_What the exercise asks:_
Among the lines of the records, find all that carry the word "insert" and copy them.

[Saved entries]
○ ○ ○ ○

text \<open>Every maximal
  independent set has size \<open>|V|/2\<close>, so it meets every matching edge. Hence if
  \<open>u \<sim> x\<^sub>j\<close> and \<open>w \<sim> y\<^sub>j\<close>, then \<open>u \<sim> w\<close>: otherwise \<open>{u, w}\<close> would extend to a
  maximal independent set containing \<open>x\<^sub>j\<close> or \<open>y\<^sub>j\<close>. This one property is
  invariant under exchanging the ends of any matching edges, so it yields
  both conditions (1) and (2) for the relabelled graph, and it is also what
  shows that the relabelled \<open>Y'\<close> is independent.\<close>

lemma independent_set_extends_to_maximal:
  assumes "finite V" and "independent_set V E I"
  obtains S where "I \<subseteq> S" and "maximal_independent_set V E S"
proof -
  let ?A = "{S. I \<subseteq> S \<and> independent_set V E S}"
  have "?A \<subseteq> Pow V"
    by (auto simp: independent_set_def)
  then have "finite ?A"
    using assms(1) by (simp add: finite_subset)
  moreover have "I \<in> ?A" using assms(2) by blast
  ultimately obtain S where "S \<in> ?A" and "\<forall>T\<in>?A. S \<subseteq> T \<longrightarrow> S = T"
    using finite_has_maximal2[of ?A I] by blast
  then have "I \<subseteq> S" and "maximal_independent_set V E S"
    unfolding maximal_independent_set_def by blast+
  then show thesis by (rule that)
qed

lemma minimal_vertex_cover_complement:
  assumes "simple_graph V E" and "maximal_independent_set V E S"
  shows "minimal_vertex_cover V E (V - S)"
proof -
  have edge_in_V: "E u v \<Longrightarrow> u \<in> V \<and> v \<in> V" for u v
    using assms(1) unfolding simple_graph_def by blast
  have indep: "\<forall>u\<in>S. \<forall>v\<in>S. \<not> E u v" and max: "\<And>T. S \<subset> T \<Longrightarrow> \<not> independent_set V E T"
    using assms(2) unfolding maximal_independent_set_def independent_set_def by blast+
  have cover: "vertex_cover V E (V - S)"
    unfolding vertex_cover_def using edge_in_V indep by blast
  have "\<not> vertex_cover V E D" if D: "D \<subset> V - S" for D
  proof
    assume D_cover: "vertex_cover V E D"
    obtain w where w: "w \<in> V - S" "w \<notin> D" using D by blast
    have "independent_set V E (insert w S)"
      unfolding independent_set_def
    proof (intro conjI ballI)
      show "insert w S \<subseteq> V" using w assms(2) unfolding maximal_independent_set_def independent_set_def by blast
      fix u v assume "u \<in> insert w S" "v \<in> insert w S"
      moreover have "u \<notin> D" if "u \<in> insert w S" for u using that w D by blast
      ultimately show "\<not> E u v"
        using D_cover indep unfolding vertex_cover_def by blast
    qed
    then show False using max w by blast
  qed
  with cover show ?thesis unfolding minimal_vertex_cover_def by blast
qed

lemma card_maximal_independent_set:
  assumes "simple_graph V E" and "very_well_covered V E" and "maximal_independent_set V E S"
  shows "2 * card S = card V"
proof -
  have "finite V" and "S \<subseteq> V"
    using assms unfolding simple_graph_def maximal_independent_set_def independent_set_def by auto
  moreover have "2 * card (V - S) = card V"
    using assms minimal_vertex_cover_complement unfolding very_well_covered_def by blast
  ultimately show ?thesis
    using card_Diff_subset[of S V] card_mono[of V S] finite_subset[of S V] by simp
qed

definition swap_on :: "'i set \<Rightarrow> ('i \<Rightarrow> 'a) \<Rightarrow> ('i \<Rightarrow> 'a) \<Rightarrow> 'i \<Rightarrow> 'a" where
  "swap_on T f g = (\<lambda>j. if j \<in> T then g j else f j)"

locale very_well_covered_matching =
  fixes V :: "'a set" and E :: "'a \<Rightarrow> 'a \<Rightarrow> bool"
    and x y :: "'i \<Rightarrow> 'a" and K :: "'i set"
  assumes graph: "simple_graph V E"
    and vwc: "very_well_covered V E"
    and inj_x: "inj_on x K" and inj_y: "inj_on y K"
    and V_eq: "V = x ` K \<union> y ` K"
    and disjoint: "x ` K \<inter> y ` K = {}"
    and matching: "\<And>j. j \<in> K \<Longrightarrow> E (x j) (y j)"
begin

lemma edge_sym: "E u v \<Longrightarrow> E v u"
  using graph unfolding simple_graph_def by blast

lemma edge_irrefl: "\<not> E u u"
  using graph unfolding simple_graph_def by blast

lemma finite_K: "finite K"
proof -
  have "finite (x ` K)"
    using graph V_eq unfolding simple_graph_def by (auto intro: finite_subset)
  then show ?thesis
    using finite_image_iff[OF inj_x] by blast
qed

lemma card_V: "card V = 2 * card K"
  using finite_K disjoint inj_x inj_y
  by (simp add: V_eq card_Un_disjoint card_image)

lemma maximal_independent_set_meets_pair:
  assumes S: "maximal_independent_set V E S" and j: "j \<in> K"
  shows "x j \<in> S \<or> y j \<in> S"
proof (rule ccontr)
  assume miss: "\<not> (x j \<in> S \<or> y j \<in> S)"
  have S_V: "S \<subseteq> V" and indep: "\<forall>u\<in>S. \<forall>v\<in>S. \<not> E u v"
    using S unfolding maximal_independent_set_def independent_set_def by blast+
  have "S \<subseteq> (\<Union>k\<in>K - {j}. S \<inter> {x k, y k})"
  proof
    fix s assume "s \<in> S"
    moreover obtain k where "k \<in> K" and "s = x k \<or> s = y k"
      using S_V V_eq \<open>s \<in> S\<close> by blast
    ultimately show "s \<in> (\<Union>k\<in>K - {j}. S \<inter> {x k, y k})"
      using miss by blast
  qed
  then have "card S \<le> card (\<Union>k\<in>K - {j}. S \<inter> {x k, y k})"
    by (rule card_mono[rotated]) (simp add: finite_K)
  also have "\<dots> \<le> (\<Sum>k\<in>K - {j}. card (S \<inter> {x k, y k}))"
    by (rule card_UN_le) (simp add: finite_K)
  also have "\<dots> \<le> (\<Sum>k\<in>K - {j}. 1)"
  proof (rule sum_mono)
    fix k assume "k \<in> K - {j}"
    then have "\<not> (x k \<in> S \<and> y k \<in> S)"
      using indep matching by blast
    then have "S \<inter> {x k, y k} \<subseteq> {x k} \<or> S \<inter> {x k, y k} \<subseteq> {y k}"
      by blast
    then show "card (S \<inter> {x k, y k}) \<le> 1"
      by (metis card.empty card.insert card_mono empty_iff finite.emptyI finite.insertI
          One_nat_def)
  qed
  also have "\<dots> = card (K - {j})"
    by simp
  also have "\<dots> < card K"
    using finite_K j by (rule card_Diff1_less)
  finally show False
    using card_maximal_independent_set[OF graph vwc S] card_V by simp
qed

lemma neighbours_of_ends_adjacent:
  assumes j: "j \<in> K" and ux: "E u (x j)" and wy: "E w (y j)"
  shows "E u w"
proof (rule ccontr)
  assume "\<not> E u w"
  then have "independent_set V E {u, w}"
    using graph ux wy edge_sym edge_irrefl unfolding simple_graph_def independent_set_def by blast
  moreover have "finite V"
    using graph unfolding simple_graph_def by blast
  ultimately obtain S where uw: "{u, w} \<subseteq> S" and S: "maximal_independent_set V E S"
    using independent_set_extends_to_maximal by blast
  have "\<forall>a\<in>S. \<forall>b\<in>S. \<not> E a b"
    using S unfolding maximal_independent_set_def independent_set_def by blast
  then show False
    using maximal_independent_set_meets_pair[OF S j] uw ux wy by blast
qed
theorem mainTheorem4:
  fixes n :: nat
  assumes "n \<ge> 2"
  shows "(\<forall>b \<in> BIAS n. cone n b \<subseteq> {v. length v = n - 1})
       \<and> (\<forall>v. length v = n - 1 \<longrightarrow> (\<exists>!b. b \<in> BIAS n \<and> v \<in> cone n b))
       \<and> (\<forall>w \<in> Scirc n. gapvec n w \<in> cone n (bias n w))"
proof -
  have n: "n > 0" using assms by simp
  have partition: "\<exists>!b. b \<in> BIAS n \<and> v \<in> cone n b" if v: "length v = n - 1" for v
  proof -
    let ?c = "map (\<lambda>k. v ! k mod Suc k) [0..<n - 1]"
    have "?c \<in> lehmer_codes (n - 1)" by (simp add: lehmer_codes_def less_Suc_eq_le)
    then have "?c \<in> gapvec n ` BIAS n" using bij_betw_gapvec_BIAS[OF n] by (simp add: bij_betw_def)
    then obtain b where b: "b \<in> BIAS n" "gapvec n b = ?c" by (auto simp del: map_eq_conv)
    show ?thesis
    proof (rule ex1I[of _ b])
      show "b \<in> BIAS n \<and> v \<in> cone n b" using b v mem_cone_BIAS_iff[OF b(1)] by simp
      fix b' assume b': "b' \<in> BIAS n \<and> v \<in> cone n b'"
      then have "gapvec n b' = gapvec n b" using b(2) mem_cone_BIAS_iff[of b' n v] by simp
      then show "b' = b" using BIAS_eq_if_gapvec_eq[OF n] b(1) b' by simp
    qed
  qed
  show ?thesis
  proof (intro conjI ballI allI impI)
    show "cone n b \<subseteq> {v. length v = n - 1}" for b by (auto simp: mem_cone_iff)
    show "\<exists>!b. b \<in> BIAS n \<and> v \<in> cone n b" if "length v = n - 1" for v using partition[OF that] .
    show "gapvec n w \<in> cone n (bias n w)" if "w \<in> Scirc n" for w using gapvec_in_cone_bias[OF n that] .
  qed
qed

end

○ ○ ○ ○

_Solution below:_
    have "independent_set V E (insert w S)"
      show "insert w S \<subseteq> V" using w assms(2) unfolding maximal_independent_set_def independent_set_def by blast
      fix u v assume "u \<in> insert w S" "v \<in> insert w S"
      moreover have "u \<notin> D" if "u \<in> insert w S" for u using that w D by blast
      by (metis card.empty card.insert card_mono empty_iff finite.emptyI finite.insertI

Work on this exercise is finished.